Austria’s OMV, a state-dominated company, had built up its stake in the privately-owned MOL in 2007-2008 as a prelude to a hostile takeover. OMV was forced to give up the takeover attempt in August 2008, after the European Commission had indicated that a takeover would contravene the EU’s anti-monopoly legislation. Moreover, MOL and the Hungarian parliament built effective corporate and legislative defenses, respectively, in 2008 to resist that hostile takeover attempt.

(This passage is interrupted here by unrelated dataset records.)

section \<open>Difference equations\<close>

lemma sym_monomial_shift:
  assumes "\<sigma> permutes {1..k}" "\<forall>i\<in>{1..k}. w i \<noteq> 1" "i \<in> {1..k}"
  shows "sym_monomial k e w \<sigma> (n(i := n i + d)) = sym_monomial k e w \<sigma> n * (1 - w (\<sigma> i)) powi (e * d)"
proof -
  have "1 - w (\<sigma> i) \<noteq> 0"
    using assms permutes_in_image[OF assms(1)] by force
  then have "(1 - w (\<sigma> i)) powi (e * (n i + d)) = (1 - w (\<sigma> i)) powi (e * n i) * (1 - w (\<sigma> i)) powi (e * d)"
    by (simp add: distrib_left power_int_add)
  moreover have "(\<Prod>j\<in>{1..k} - {i}. (1 - w (\<sigma> j)) powi (e * (n(i := n i + d)) j))
      = (\<Prod>j\<in>{1..k} - {i}. (1 - w (\<sigma> j)) powi (e * n j))"
    by (rule prod.cong) auto
  ultimately show ?thesis
    unfolding sym_monomial_def using assms(3) by (simp add: prod.remove mult_ac)
qed

lemma sym_expr_shift:
  assumes "\<forall>i\<in>{1..k}. w i \<noteq> 1" "i \<in> {1..k}" "e * d = 1"
  shows "sym_expr k p e w (n(i := n i + d))
    = (\<Sum>\<sigma> | \<sigma> permutes {1..k}. sym_coeff k p w \<sigma> * sym_monomial k e w \<sigma> n * (1 - w (\<sigma> i)))"
  unfolding sym_expr_eq_sum using sym_monomial_shift[OF _ assms(1,2)] assms(3)
  by (intro sum.cong) (simp_all add: mult.assoc)

lemma sym_expr_bulk:
  assumes "\<forall>i\<in>{1..k}. w i \<noteq> 1" "e * d = 1"
  shows "(\<Sum>i=1..k. sym_expr k p e w (n(i := n i + d)) - sym_expr k p e w n)
    = - (\<Sum>j=1..k. w j) * sym_expr k p e w n"
proof -
  let ?c = "\<lambda>\<sigma>. sym_coeff k p w \<sigma> * sym_monomial k e w \<sigma> n"
  have "(\<Sum>i=1..k. sym_expr k p e w (n(i := n i + d)) - sym_expr k p e w n)
      = (\<Sum>i=1..k. \<Sum>\<sigma> | \<sigma> permutes {1..k}. ?c \<sigma> * - w (\<sigma> i))"
    using sym_expr_shift[OF assms(1) _ assms(2)]
    by (intro sum.cong) (simp_all add: sym_expr_eq_sum sum_subtractf[symmetric] algebra_simps)
  also have "\<dots> = (\<Sum>\<sigma> | \<sigma> permutes {1..k}. ?c \<sigma> * - (\<Sum>i=1..k. w (\<sigma> i)))"
    by (subst sum.swap) (simp add: sum_distrib_left sum_negf)
  also have "\<dots> = (\<Sum>\<sigma> | \<sigma> permutes {1..k}. ?c \<sigma> * - (\<Sum>j=1..k. w j))"
    using sum.permute[of _ "{1..k}" w] by (intro sum.cong) (simp_all add: o_def)
  also have "\<dots> = - (\<Sum>j=1..k. w j) * sym_expr k p e w n"
    by (simp add: sym_expr_eq_sum sum_distrib_left mult_ac)
  finally show ?thesis .
qed

lemma sym_coeff_compose_adjacent_transpose:
  assumes "1 \<le> i" "i < k"
  obtains R where
    "sym_coeff k p w \<sigma> = (w (\<sigma> (Suc i)) - p * w (\<sigma> i)) / (w (\<sigma> (Suc i)) - w (\<sigma> i)) * R"
    "sym_coeff k p w (\<sigma> \<circ> Transposition.transpose i (Suc i))
      = (w (\<sigma> i) - p * w (\<sigma> (Suc i))) / (w (\<sigma> i) - w (\<sigma> (Suc i))) * R"
proof -
  let ?\<tau> = "Transposition.transpose i (Suc i)"
  define P where "P = ordered_pairs k - {(i, Suc i)}"
  define r where "r x y = (w (\<sigma> x) - p * w (\<sigma> y)) / (w (\<sigma> x) - w (\<sigma> y))" for x y
  have mem: "(i, Suc i) \<in> ordered_pairs k"
    using assms by (auto simp: ordered_pairs_def)
  have \<tau>_P: "(?\<tau> B, ?\<tau> A) \<in> P" if "(B, A) \<in> P" for A B
    using that assms unfolding P_def ordered_pairs_def
    by (cases "B = i"; cases "B = Suc i"; cases "A = i"; cases "A = Suc i") auto
  have "(\<Prod>(B, A)\<in>P. r (?\<tau> A) (?\<tau> B)) = (\<Prod>(B, A)\<in>P. r A B)"
    by (rule prod.reindex_bij_witness[of _ "\<lambda>(B, A). (?\<tau> B, ?\<tau> A)" "\<lambda>(B, A). (?\<tau> B, ?\<tau> A)"])
       (auto simp: \<tau>_P)
  moreover have "sym_coeff k p w \<rho> = (w (\<rho> (Suc i)) - p * w (\<rho> i)) / (w (\<rho> (Suc i)) - w (\<rho> i))
      * (\<Prod>(B, A)\<in>P. (w (\<rho> A) - p * w (\<rho> B)) / (w (\<rho> A) - w (\<rho> B)))" for \<rho>
    unfolding sym_coeff_def P_def by (simp add: prod.remove[OF finite_ordered_pairs mem])
  ultimately show ?thesis
    using that[of "\<Prod>(B, A)\<in>P. r A B"] by (simp add: r_def)
qed

lemma sym_monomial_compose_transpose:
  assumes "\<sigma> permutes {1..k}" "a \<in> {1..k}" "b \<in> {1..k}" "n a = n b"
  shows "sym_monomial k e w (\<sigma> \<circ> Transposition.transpose a b) n = sym_monomial k e w \<sigma> n"
proof -
  let ?\<tau> = "Transposition.transpose a b"
  have "n (?\<tau> j) = n j" for j
    using assms(4) by (auto simp: Transposition.transpose_def)
  then have "sym_monomial k e w (\<sigma> \<circ> ?\<tau>) n = (\<Prod>j=1..k. ((\<lambda>j. (1 - w (\<sigma> j)) powi (e * n j)) \<circ> ?\<tau>) j)"
    by (simp add: sym_monomial_def)
  also have "\<dots> = sym_monomial k e w \<sigma> n"
    unfolding sym_monomial_def using assms(2,3) by (intro prod.permute[symmetric] permutes_swap_id) auto
  finally show ?thesis .
qed

lemma pair_cancellation:
  fixes a b p \<alpha> :: complex
  assumes "a \<noteq> b"
  shows "(a - p * b) / (a - b) * (\<alpha> * b - p * \<alpha> * a) + (b - p * a) / (b - a) * (\<alpha> * a - p * \<alpha> * b) = 0"
proof -
  have "a - b \<noteq> 0" "b - a \<noteq> 0"
    using assms by auto
  then show ?thesis
    by (simp add: field_simps)
qed

lemma sum_permutations_antisymmetric_eq_0:
  fixes F :: "('a \<Rightarrow> 'a) \<Rightarrow> 'b :: {idom, ring_char_0}"
  assumes "\<tau> permutes S" "\<And>\<sigma>. \<sigma> permutes S \<Longrightarrow> F \<sigma> + F (\<sigma> \<circ> \<tau>) = 0"
  shows "(\<Sum>\<sigma> | \<sigma> permutes S. F \<sigma>) = 0"
proof -
  have "2 * (\<Sum>\<sigma> | \<sigma> permutes S. F \<sigma>) = (\<Sum>\<sigma> | \<sigma> permutes S. F \<sigma> + F (\<sigma> \<circ> \<tau>))"
    using sum_permutations_compose_right[OF assms(1), of F] by (simp add: sum.distrib)
  also have "\<dots> = 0"
    using assms(2) by simp
  finally show ?thesis
    by simp
qed

lemma sym_term_pair_cancel:
  fixes \<alpha> p :: complex and e :: int
  assumes "1 \<le> i" "i < k" "n i = n (Suc i)" "inj_on w {1..k}" "\<sigma> permutes {1..k}"
  defines "F \<equiv> \<lambda>\<sigma>. sym_coeff k p w \<sigma> * sym_monomial k e w \<sigma> n
      * (\<alpha> * w (\<sigma> i) - p * \<alpha> * w (\<sigma> (Suc i)))"
  shows "F \<sigma> + F (\<sigma> \<circ> Transposition.transpose i (Suc i)) = 0"
proof -
  have ii: "i \<in> {1..k}" "Suc i \<in> {1..k}"
    using assms(1,2) by auto
  obtain R where R: "sym_coeff k p w \<sigma>
      = (w (\<sigma> (Suc i)) - p * w (\<sigma> i)) / (w (\<sigma> (Suc i)) - w (\<sigma> i)) * R"
    "sym_coeff k p w (\<sigma> \<circ> Transposition.transpose i (Suc i))
      = (w (\<sigma> i) - p * w (\<sigma> (Suc i))) / (w (\<sigma> i) - w (\<sigma> (Suc i))) * R"
    using sym_coeff_compose_adjacent_transpose[OF assms(1,2)] .
  have "w (\<sigma> (Suc i)) \<noteq> w (\<sigma> i)"
    using inj_onD[OF assms(4)] permutes_in_image[OF assms(5)] permutes_inj[OF assms(5)] ii
    by (metis injD n_not_Suc_n)
  moreover have "F \<sigma> + F (\<sigma> \<circ> Transposition.transpose i (Suc i)) = R * sym_monomial k e w \<sigma> n
      * ((w (\<sigma> (Suc i)) - p * w (\<sigma> i)) / (w (\<sigma> (Suc i)) - w (\<sigma> i))
          * (\<alpha> * w (\<sigma> i) - p * \<alpha> * w (\<sigma> (Suc i)))
        + (w (\<sigma> i) - p * w (\<sigma> (Suc i))) / (w (\<sigma> i) - w (\<sigma> (Suc i)))
          * (\<alpha> * w (\<sigma> (Suc i)) - p * \<alpha> * w (\<sigma> i)))"
    unfolding F_def R sym_monomial_compose_transpose[OF assms(5) ii assms(3)]
    by (simp add: algebra_simps)
  ultimately show ?thesis
    using pair_cancellation[of "w (\<sigma> (Suc i))" "w (\<sigma> i)" p \<alpha>] by simp
qed

text \<open>With [\<beta> = -p \<alpha>] the combination of shifts becomes a symmetrization of terms that cancel in
  pairs [\<sigma>, \<sigma> \<circ> (i i+1)].\<close>
lemma sym_expr_boundary:
  assumes "1 \<le> i" "i < k" "n i = n (Suc i)" "inj_on w {1..k}" "\<forall>i\<in>{1..k}. w i \<noteq> 1"
    "e * d = 1" "\<beta> = - p * \<alpha>"
  shows "\<alpha> * (sym_expr k p e w (n(i := n i + d)) - sym_expr k p e w n)
    + \<beta> * (sym_expr k p e w (n(Suc i := n (Suc i) + d)) - sym_expr k p e w n) = 0"
proof -
  define F where "F \<sigma> = sym_coeff k p w \<sigma> * sym_monomial k e w \<sigma> n
      * (\<alpha> * w (\<sigma> i) - p * \<alpha> * w (\<sigma> (Suc i)))" for \<sigma>
  have ii: "i \<in> {1..k}" "Suc i \<in> {1..k}"
    using assms(1,2) by auto
  have "\<alpha> * (sym_expr k p e w (n(i := n i + d)) - sym_expr k p e w n)
      + \<beta> * (sym_expr k p e w (n(Suc i := n (Suc i) + d)) - sym_expr k p e w n)
      = - (\<Sum>\<sigma> | \<sigma> permutes {1..k}. F \<sigma>)"
    unfolding sym_expr_shift[OF assms(5) ii(1) assms(6)] sym_expr_shift[OF assms(5) ii(2) assms(6)]
    by (simp add: sym_expr_eq_sum F_def assms(7) sum_distrib_left sum_subtractf[symmetric]
        sum_negf[symmetric] sum.distrib[symmetric] algebra_simps)
  also have "(\<Sum>\<sigma> | \<sigma> permutes {1..k}. F \<sigma>) = 0"
    using assms(1,2) sym_term_pair_cancel[OF assms(1-4)]
    by (intro sum_permutations_antisymmetric_eq_0[of "Transposition.transpose i (Suc i)"]
        permutes_swap_id) (auto simp: F_def)
  finally show ?thesis
    by (simp only: minus_zero)
qed

lemma tendsto_eq_at_within_gen_domain:
  assumes "1 \<le> k" "\<forall>i\<in>{1..k}. z i \<noteq> 1"
    and "(f \<longlongrightarrow> a) (at z within gen_domain k z)" "(g \<longlongrightarrow> (b :: complex)) (at z within gen_domain k z)"
    and "\<And>w. inj_on w {1..k} \<Longrightarrow> \<forall>i\<in>{1..k}. w i \<noteq> 1 \<Longrightarrow> f w = g w"
  shows "a = b"
proof -
  have "eventually (\<lambda>w. f w = g w) (at z within gen_domain k z)"
    using assms(5) by (rule eventually_at_within_gen_domain)
  then have "(g \<longlongrightarrow> a) (at z within gen_domain k z)"
    using assms(3) by (rule Lim_transform_eventually[rotated])
  then show ?thesis
    using tendsto_unique[OF at_within_gen_domain_neq_bot[OF assms(1,2)] _ assms(4)] by blast
qed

It was widely assumed at the time that a takeover of MOL by OMV would result in OMV’s re-selling a part of MOL’s highly efficient oil-refining and fuel-marketing business in Central Europe to a Russian company. OMV denied such intentions at that time and even pretended that its takeover of MOL would avert a Russian takeover. OMV’s CEO Wolfgang Ruttenstorfer gave public assurances to this effect any number of times (The Times, March 24, 2008; Austrian Press Agency, August 5, 2008), although not necessarily taken at face value. Now, however, OMV’s decision to re-sell its entire stake in MOL to Surgut would seem to confirm the earlier suppositions about OMV’s real intentions (Die Presse, March 31).